■ EXERCISE ■
Every line of the records that holds the word "text" should be copied out.

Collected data
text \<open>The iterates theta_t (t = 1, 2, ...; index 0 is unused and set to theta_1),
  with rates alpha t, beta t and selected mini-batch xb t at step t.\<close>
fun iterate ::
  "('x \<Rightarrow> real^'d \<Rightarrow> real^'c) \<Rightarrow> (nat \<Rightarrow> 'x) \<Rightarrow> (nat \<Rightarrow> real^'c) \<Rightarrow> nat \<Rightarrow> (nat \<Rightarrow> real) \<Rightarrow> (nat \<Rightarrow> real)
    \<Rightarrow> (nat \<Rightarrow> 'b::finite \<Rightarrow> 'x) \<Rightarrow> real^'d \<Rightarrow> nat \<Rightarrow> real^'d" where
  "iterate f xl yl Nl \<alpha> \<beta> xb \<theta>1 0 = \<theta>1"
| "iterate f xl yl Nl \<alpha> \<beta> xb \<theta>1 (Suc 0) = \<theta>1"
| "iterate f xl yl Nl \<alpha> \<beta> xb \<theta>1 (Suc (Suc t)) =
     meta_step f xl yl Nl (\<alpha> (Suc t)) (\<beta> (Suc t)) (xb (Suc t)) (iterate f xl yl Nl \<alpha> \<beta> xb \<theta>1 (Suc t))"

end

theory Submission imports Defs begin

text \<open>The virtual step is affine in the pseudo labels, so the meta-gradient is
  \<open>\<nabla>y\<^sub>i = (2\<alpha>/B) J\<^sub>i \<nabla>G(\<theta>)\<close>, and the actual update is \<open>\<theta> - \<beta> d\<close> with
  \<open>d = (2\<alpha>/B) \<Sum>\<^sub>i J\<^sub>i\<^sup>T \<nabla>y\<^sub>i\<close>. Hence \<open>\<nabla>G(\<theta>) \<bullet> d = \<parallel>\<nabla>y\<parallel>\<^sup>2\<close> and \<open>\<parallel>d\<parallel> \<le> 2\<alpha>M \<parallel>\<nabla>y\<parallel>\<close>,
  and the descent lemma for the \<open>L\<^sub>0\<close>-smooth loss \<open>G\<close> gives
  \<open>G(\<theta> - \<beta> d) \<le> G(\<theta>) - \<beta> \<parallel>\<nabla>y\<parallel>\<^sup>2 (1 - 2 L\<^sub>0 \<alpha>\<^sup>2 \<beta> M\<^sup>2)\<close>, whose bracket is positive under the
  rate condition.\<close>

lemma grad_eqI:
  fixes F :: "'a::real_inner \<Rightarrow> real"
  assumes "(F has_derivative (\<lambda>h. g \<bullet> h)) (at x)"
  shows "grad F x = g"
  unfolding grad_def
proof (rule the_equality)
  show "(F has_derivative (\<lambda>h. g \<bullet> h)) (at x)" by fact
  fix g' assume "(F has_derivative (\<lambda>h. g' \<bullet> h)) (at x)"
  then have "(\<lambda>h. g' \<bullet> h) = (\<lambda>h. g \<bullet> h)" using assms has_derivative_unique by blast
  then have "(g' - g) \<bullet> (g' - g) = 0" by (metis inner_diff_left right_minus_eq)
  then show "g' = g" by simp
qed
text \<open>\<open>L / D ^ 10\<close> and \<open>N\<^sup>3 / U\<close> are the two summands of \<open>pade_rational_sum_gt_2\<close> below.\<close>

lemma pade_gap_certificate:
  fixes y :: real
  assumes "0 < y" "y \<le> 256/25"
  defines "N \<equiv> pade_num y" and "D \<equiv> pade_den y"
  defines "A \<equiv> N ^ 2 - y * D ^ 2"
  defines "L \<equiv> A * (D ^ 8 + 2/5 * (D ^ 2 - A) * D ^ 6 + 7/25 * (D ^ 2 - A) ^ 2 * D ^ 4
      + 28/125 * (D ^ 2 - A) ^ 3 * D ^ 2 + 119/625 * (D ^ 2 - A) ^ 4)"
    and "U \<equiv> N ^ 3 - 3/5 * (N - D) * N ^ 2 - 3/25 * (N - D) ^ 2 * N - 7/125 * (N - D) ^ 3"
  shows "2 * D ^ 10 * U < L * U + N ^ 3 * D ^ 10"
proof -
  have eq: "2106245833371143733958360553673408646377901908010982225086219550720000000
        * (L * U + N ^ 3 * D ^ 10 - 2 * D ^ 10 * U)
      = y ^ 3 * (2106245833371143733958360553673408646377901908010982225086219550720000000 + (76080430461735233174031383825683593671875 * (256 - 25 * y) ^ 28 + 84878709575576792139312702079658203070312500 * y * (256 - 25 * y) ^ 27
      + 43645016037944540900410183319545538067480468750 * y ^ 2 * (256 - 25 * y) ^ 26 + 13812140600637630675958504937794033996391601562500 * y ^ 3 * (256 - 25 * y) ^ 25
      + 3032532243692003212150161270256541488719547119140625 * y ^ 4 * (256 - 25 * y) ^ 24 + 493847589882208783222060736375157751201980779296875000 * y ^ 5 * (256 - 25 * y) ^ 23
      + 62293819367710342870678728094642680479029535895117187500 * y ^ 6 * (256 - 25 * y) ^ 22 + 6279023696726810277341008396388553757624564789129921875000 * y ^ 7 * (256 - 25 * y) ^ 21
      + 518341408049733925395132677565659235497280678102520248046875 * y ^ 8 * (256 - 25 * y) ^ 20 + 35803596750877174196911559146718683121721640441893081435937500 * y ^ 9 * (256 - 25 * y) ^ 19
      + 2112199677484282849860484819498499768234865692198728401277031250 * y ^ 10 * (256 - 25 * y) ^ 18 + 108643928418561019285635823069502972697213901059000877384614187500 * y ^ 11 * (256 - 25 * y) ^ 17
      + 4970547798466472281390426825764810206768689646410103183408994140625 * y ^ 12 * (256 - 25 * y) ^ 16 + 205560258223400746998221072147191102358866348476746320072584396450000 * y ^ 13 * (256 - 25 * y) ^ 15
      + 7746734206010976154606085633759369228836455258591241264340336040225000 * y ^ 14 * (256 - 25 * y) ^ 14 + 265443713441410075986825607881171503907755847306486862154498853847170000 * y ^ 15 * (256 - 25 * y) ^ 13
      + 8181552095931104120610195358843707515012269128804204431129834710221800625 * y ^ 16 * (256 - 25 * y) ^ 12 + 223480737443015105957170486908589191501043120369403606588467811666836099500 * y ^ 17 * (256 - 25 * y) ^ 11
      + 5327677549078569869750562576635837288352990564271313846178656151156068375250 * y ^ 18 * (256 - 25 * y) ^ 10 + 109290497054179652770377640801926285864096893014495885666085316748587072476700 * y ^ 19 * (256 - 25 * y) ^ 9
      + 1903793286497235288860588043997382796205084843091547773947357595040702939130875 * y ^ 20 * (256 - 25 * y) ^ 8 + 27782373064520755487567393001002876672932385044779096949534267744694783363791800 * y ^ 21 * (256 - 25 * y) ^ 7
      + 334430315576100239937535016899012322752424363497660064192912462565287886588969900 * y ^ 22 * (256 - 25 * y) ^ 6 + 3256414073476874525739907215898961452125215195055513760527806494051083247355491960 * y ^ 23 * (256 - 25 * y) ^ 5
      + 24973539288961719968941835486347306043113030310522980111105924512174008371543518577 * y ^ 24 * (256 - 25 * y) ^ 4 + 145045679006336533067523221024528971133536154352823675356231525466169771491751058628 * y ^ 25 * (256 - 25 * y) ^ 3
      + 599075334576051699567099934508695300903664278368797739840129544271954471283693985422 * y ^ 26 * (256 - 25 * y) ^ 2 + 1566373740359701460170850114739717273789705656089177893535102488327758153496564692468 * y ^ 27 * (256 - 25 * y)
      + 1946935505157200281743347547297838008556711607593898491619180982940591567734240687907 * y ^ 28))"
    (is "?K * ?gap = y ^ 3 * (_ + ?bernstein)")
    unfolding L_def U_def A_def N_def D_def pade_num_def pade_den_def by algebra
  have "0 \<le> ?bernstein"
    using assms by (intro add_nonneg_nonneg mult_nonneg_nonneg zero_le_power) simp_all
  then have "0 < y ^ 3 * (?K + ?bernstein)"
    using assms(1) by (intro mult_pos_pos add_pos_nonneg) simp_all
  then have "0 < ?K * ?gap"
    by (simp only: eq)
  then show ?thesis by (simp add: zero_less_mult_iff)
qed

■ EXPECTED ANSWER ■
text \<open>The iterates theta_t (t = 1, 2, ...; index 0 is unused and set to theta_1),
text \<open>The virtual step is affine in the pseudo labels, so the meta-gradient is
text \<open>\<open>L / D ^ 10\<close> and \<open>N\<^sup>3 / U\<close> are the two summands of \<open>pade_rational_sum_gt_2\<close> below.\<close>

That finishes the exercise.